The hope is that, by displacing these various middlemen, a distributed ledger would result in a cheaper and more secure system for providing these services.
In her article “distributed Ledger: The technology behind virtual currencies: the example of Blockchain”, Luisa Geiling from German BaFin wrote on 01 Mar 2016 in a rather sceptical way:
Keeping an eye on the possible risks right from the start is more important than ever.

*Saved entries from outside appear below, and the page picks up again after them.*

definition d_W :: "'x::euclidean_space measure \<Rightarrow> 'x measure \<Rightarrow> real" where
  "d_W Q1 Q2 = enn2real (INF Pi \<in> couplings Q1 Q2. \<integral>\<^sup>+ p. ennreal (norm (fst p - snd p)) \<partial>Pi)"

definition empirical :: "nat \<Rightarrow> (nat \<Rightarrow> 'x::euclidean_space) \<Rightarrow> 'x measure" where
  "empirical K s = distr (uniform_count_measure {..<K}) borel s"

definition wball :: "'x::euclidean_space set \<Rightarrow> real \<Rightarrow> 'x measure \<Rightarrow> 'x measure set" where
  "wball Xi eps P = {Q \<in> distrs_M Xi. d_W P Q \<le> eps}"

definition Fmap :: "('i \<Rightarrow> real^'n^'i \<Rightarrow> 'x::euclidean_space \<Rightarrow> real) \<Rightarrow> ('i \<Rightarrow> 'x measure)
                     \<Rightarrow> real^'n^'i \<Rightarrow> real^'n^'i" where
  "Fmap h q x = (\<chi> i. \<chi> j. pderiv_ij (\<lambda>z. \<integral>\<xi>. h i z \<xi> \<partial>(q i)) i j x)"

end

theory Submission
  imports Defs
begin

(* Differentiating under the integral sign shows that the (i,j) component of F_Q(x) is the
   integral over Q of one function f of xi, the partial derivative of h_i(., xi) at x in the
   direction x_i^(j); the domination needed for this comes from the Lipschitz dependence of
   that partial derivative on xi together with the finite first moment of Q. Since f is
   L_ij-Lipschitz on Xi_i, integrating |f xi - f xi'| against any coupling of Q and Q' bounds
   |E_Q f - E_Q' f| by L_ij d_W(Q, Q'). Comparing q_i and P_i through the empirical
   distribution bounds the component by L_ij (eps_i + d_W(P_K_i, P_i)), and summing squares
   gives rho_K. *)

lemma distrs_M_AE_mem:
  assumes "Q \<in> distrs_M S"
  shows "AE \<xi> in Q. \<xi> \<in> S"
  using assms by (intro prob_space.AE_prob_1) (auto simp: distrs_M_def)

lemma lipschitz_on_abs_le:
  fixes f :: "'a::real_normed_vector \<Rightarrow> real"
  assumes lip: "L-lipschitz_on S f" and "\<xi> \<in> S" and "\<xi>\<^sub>0 \<in> S"
  shows "\<bar>f \<xi>\<bar> \<le> \<bar>f \<xi>\<^sub>0\<bar> + L * (norm \<xi> + norm \<xi>\<^sub>0)"
proof -
  have "\<bar>f \<xi> - f \<xi>\<^sub>0\<bar> \<le> L * norm (\<xi> - \<xi>\<^sub>0)"
    using lipschitz_on_normD[OF lip \<open>\<xi> \<in> S\<close> \<open>\<xi>\<^sub>0 \<in> S\<close>] by simp
  also have "\<dots> \<le> L * (norm \<xi> + norm \<xi>\<^sub>0)"
    using lipschitz_on_nonneg[OF lip] by (intro mult_left_mono norm_triangle_ineq4)
  finally show ?thesis
    by linarith
qed

lemma integrable_lipschitz_on_distrs_M:
  fixes f :: "'x::euclidean_space \<Rightarrow> real"
  assumes Q: "Q \<in> distrs_M S" and f: "f \<in> borel_measurable borel" and lip: "L-lipschitz_on S f"
  shows "integrable Q f"
proof -
  interpret prob_space Q using Q by (simp add: distrs_M_def)
  have sets_Q: "sets Q = sets borel" and norm_Q: "integrable Q norm"
    using Q by (auto simp: distrs_M_def)
  obtain \<xi>\<^sub>0 where \<xi>\<^sub>0: "\<xi>\<^sub>0 \<in> S"
    using Q by (force simp: distrs_M_def)
  show ?thesis
  proof (rule Bochner_Integration.integrable_bound)
    show "integrable Q (\<lambda>\<xi>. \<bar>f \<xi>\<^sub>0\<bar> + L * (norm \<xi> + norm \<xi>\<^sub>0))"
      using norm_Q by (intro Bochner_Integration.integrable_add integrable_mult_right) auto
    show "f \<in> borel_measurable Q"
      using f by (simp add: measurable_cong_sets[OF sets_Q refl])
    show "AE \<xi> in Q. norm (f \<xi>) \<le> norm (\<bar>f \<xi>\<^sub>0\<bar> + L * (norm \<xi> + norm \<xi>\<^sub>0))"
      using distrs_M_AE_mem[OF Q]
      by eventually_elim (use lipschitz_on_abs_le[OF lip _ \<xi>\<^sub>0] lipschitz_on_nonneg[OF lip] in force)
  qed
qed

lemma empirical_in_distrs_M:
  fixes s :: "nat \<Rightarrow> 'x::euclidean_space"
  assumes "K > 0" and s: "\<And>k. k < K \<Longrightarrow> s k \<in> S" and "S \<in> sets borel"
  shows "empirical K s \<in> distrs_M S"
proof -
  let ?U = "uniform_count_measure {..<K}"
  interpret U: prob_space ?U
    using \<open>K > 0\<close> by (intro prob_space_uniform_count_measure) auto
  have s_meas: "s \<in> ?U \<rightarrow>\<^sub>M borel"
    by (simp add: measurable_def space_uniform_count_measure sets_uniform_count_measure)
  have "measure (empirical K s) S = measure ?U (s -` S \<inter> space ?U)"
    unfolding empirical_def using s_meas \<open>S \<in> sets borel\<close> by (rule measure_distr)
  also have "s -` S \<inter> space ?U = space ?U"
    using s by (auto simp: space_uniform_count_measure)
  finally have "measure (empirical K s) S = 1"
    by (simp add: U.prob_space)
  moreover have "integrable ?U (\<lambda>k. norm (s k))"
    by (rule U.integrable_const_bound[where B="\<Sum>k<K. norm (s k)"])
      (auto intro!: AE_I2 member_le_sum simp: space_uniform_count_measure
        measurable_def sets_uniform_count_measure)
  ultimately show ?thesis
    using U.prob_space_distr[OF s_meas] s_meas \<open>S \<in> sets borel\<close>
    by (simp add: distrs_M_def empirical_def integrable_distr_eq)
qed

lemma couplingsD:
  fixes Q\<^sub>1 Q\<^sub>2 :: "'x::euclidean_space measure"
  assumes "\<gamma> \<in> couplings Q\<^sub>1 Q\<^sub>2"
  shows "fst \<in> \<gamma> \<rightarrow>\<^sub>M borel" "snd \<in> \<gamma> \<rightarrow>\<^sub>M borel"
    and "Q\<^sub>1 = distr \<gamma> borel fst" "Q\<^sub>2 = distr \<gamma> borel snd"
proof -
  have sets_\<gamma>: "sets \<gamma> = sets borel"
    using assms by (simp add: couplings_def)
  show "fst \<in> \<gamma> \<rightarrow>\<^sub>M borel" "snd \<in> \<gamma> \<rightarrow>\<^sub>M borel"
    unfolding measurable_cong_sets[OF sets_\<gamma> refl] borel_prod[symmetric] by auto
  show "Q\<^sub>1 = distr \<gamma> borel fst" "Q\<^sub>2 = distr \<gamma> borel snd"
    using assms by (auto simp: couplings_def)
qed

lemma pair_measure_in_couplings:
  fixes Q\<^sub>1 Q\<^sub>2 :: "'x::euclidean_space measure"
  assumes Q\<^sub>1: "Q\<^sub>1 \<in> distrs_M S" and Q\<^sub>2: "Q\<^sub>2 \<in> distrs_M S"
  shows "Q\<^sub>1 \<Otimes>\<^sub>M Q\<^sub>2 \<in> couplings Q\<^sub>1 Q\<^sub>2"
proof -
  have sets: "sets Q\<^sub>1 = sets borel" "sets Q\<^sub>2 = sets borel"
    using Q\<^sub>1 Q\<^sub>2 by (auto simp: distrs_M_def)
  interpret pair_prob_space Q\<^sub>1 Q\<^sub>2
    using Q\<^sub>1 Q\<^sub>2 by (simp add: distrs_M_def pair_prob_space_def pair_sigma_finite_def
        prob_space_imp_sigma_finite)
  have "distr (Q\<^sub>1 \<Otimes>\<^sub>M Q\<^sub>2) borel fst = distr (Q\<^sub>1 \<Otimes>\<^sub>M Q\<^sub>2) Q\<^sub>1 fst"
    "distr (Q\<^sub>1 \<Otimes>\<^sub>M Q\<^sub>2) borel snd = distr (Q\<^sub>1 \<Otimes>\<^sub>M Q\<^sub>2) Q\<^sub>2 snd"
    using sets by (auto intro!: distr_cong)
  moreover have "sets (Q\<^sub>1 \<Otimes>\<^sub>M Q\<^sub>2) = sets borel"
    unfolding sets_pair_measure_cong[OF sets] by (simp only: borel_prod)
  moreover have "distr (Q\<^sub>1 \<Otimes>\<^sub>M Q\<^sub>2) Q\<^sub>2 snd = Q\<^sub>2"
  proof (rule measure_eqI)
    fix A
    assume "A \<in> sets (distr (Q\<^sub>1 \<Otimes>\<^sub>M Q\<^sub>2) Q\<^sub>2 snd)"
    then have A: "A \<in> sets Q\<^sub>2"
      by simp
    then have "emeasure (distr (Q\<^sub>1 \<Otimes>\<^sub>M Q\<^sub>2) Q\<^sub>2 snd) A = emeasure (Q\<^sub>1 \<Otimes>\<^sub>M Q\<^sub>2) (space Q\<^sub>1 \<times> A)"
      by (auto simp: emeasure_distr space_pair_measure dest: sets.sets_into_space
          intro!: arg_cong2[where f=emeasure])
    with A show "emeasure (distr (Q\<^sub>1 \<Otimes>\<^sub>M Q\<^sub>2) Q\<^sub>2 snd) A = emeasure Q\<^sub>2 A"
      using M2.emeasure_pair_measure_Times[of "space Q\<^sub>1" Q\<^sub>1 A] by (simp add: M1.emeasure_space_1)
  qed simp
  ultimately show ?thesis
    by (simp add: couplings_def M2.distr_pair_fst)
qed

definition transport_cost :: "('x::euclidean_space \<times> 'x) measure \<Rightarrow> ennreal" where
  "transport_cost \<gamma> = (\<integral>\<^sup>+ p. ennreal (norm (fst p - snd p)) \<partial>\<gamma>)"

lemma d_W_eq_INF_transport_cost:
  "d_W Q\<^sub>1 Q\<^sub>2 = enn2real (INF \<gamma> \<in> couplings Q\<^sub>1 Q\<^sub>2. transport_cost \<gamma>)"
  by (simp add: d_W_def transport_cost_def)

lemma couplings_AE_mem:
  fixes Q\<^sub>1 Q\<^sub>2 :: "'x::euclidean_space measure"
  assumes \<gamma>: "\<gamma> \<in> couplings Q\<^sub>1 Q\<^sub>2" and Q\<^sub>1: "Q\<^sub>1 \<in> distrs_M S" and Q\<^sub>2: "Q\<^sub>2 \<in> distrs_M S"
  shows "AE p in \<gamma>. fst p \<in> S \<and> snd p \<in> S"
proof -
  have "S \<in> sets borel"
    using Q\<^sub>1 by (simp add: distrs_M_def)
  moreover have "AE \<xi> in distr \<gamma> borel fst. \<xi> \<in> S"
    using distrs_M_AE_mem[OF Q\<^sub>1] unfolding couplingsD(3)[OF \<gamma>] .
  moreover have "AE \<xi> in distr \<gamma> borel snd. \<xi> \<in> S"
    using distrs_M_AE_mem[OF Q\<^sub>2] unfolding couplingsD(4)[OF \<gamma>] .
  ultimately show ?thesis
    using couplingsD(1,2)[OF \<gamma>] by (auto simp: AE_distr_iff)
qed

lemma transport_cost_finite:
  fixes Q\<^sub>1 Q\<^sub>2 :: "'x::euclidean_space measure"
  assumes \<gamma>: "\<gamma> \<in> couplings Q\<^sub>1 Q\<^sub>2" and Q\<^sub>1: "Q\<^sub>1 \<in> distrs_M S" and Q\<^sub>2: "Q\<^sub>2 \<in> distrs_M S"
  shows "transport_cost \<gamma> < \<top>"
proof -
  note \<gamma>_facts = couplingsD[OF \<gamma>]
  have norm_meas: "(\<lambda>\<xi>::'x. ennreal (norm \<xi>)) \<in> borel_measurable borel"
    by measurable
  have "(\<integral>\<^sup>+ \<xi>. ennreal (norm \<xi>) \<partial>Q\<^sub>1) < \<top>" "(\<integral>\<^sup>+ \<xi>. ennreal (norm \<xi>) \<partial>Q\<^sub>2) < \<top>"
    using Q\<^sub>1 Q\<^sub>2 by (auto simp: distrs_M_def integrable_iff_bounded)
  then have finite: "(\<integral>\<^sup>+ p. ennreal (norm (fst p)) \<partial>\<gamma>) < \<top>" "(\<integral>\<^sup>+ p. ennreal (norm (snd p)) \<partial>\<gamma>) < \<top>"
    using \<gamma>_facts by (simp_all add: nn_integral_distr)
  have "transport_cost \<gamma> \<le> (\<integral>\<^sup>+ p. ennreal (norm (fst p)) + ennreal (norm (snd p)) \<partial>\<gamma>)"
    unfolding transport_cost_def
    by (intro nn_integral_mono) (simp add: norm_triangle_ineq4 flip: ennreal_plus)
  also have "\<dots> = (\<integral>\<^sup>+ p. ennreal (norm (fst p)) \<partial>\<gamma>) + (\<integral>\<^sup>+ p. ennreal (norm (snd p)) \<partial>\<gamma>)"
    using measurable_compose[OF \<gamma>_facts(1) norm_meas] measurable_compose[OF \<gamma>_facts(2) norm_meas]
    by (intro nn_integral_add) (simp_all add: o_def)
  finally show ?thesis
    using finite by (simp add: top.not_eq_extremum order_le_less_trans)
qed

Dr Andreas Dombret, Member of the Executive Board of the Deutsche Bundesbank, in his speech “Totally digital? The future of banking business” at the 2015 Bavarian Financial Summit, 26 Oct 2015 was much more positive: “Blockchain technology is credited with having a particularly sobering impact on banks. By using the global computer network, this technology is enabling all transactions conducted in the world of finance to be documented in a presumably forgery-proof, near-real-time and, above all, decentralised manner, ie potentially without central securities depositories or banks. Any individual and any company could therefore settle money, securities or any other type of asset and liability directly with other financial market agents – thus obviating the need for the existing, unwieldy settlement infrastructure used by banks, CSDs and central banks.” However, he also stated carefully: “As a solution for the entire financial system, this technology is thus raising fundamental questions – including regulatory questions.”
President of the Deutsche Bundesbank and Chairman of the Board of Directors of the Bank for International Settlements Dr Jens Weidmann on 24 Feb 2016 in a very optimistic way:
Blockchain technology is seen as the key innovation in this regard, allowing as it does values to be transferred cheaply and comparatively anonymously, while bypassing centralised authorities such as banks, card companies and clearing houses.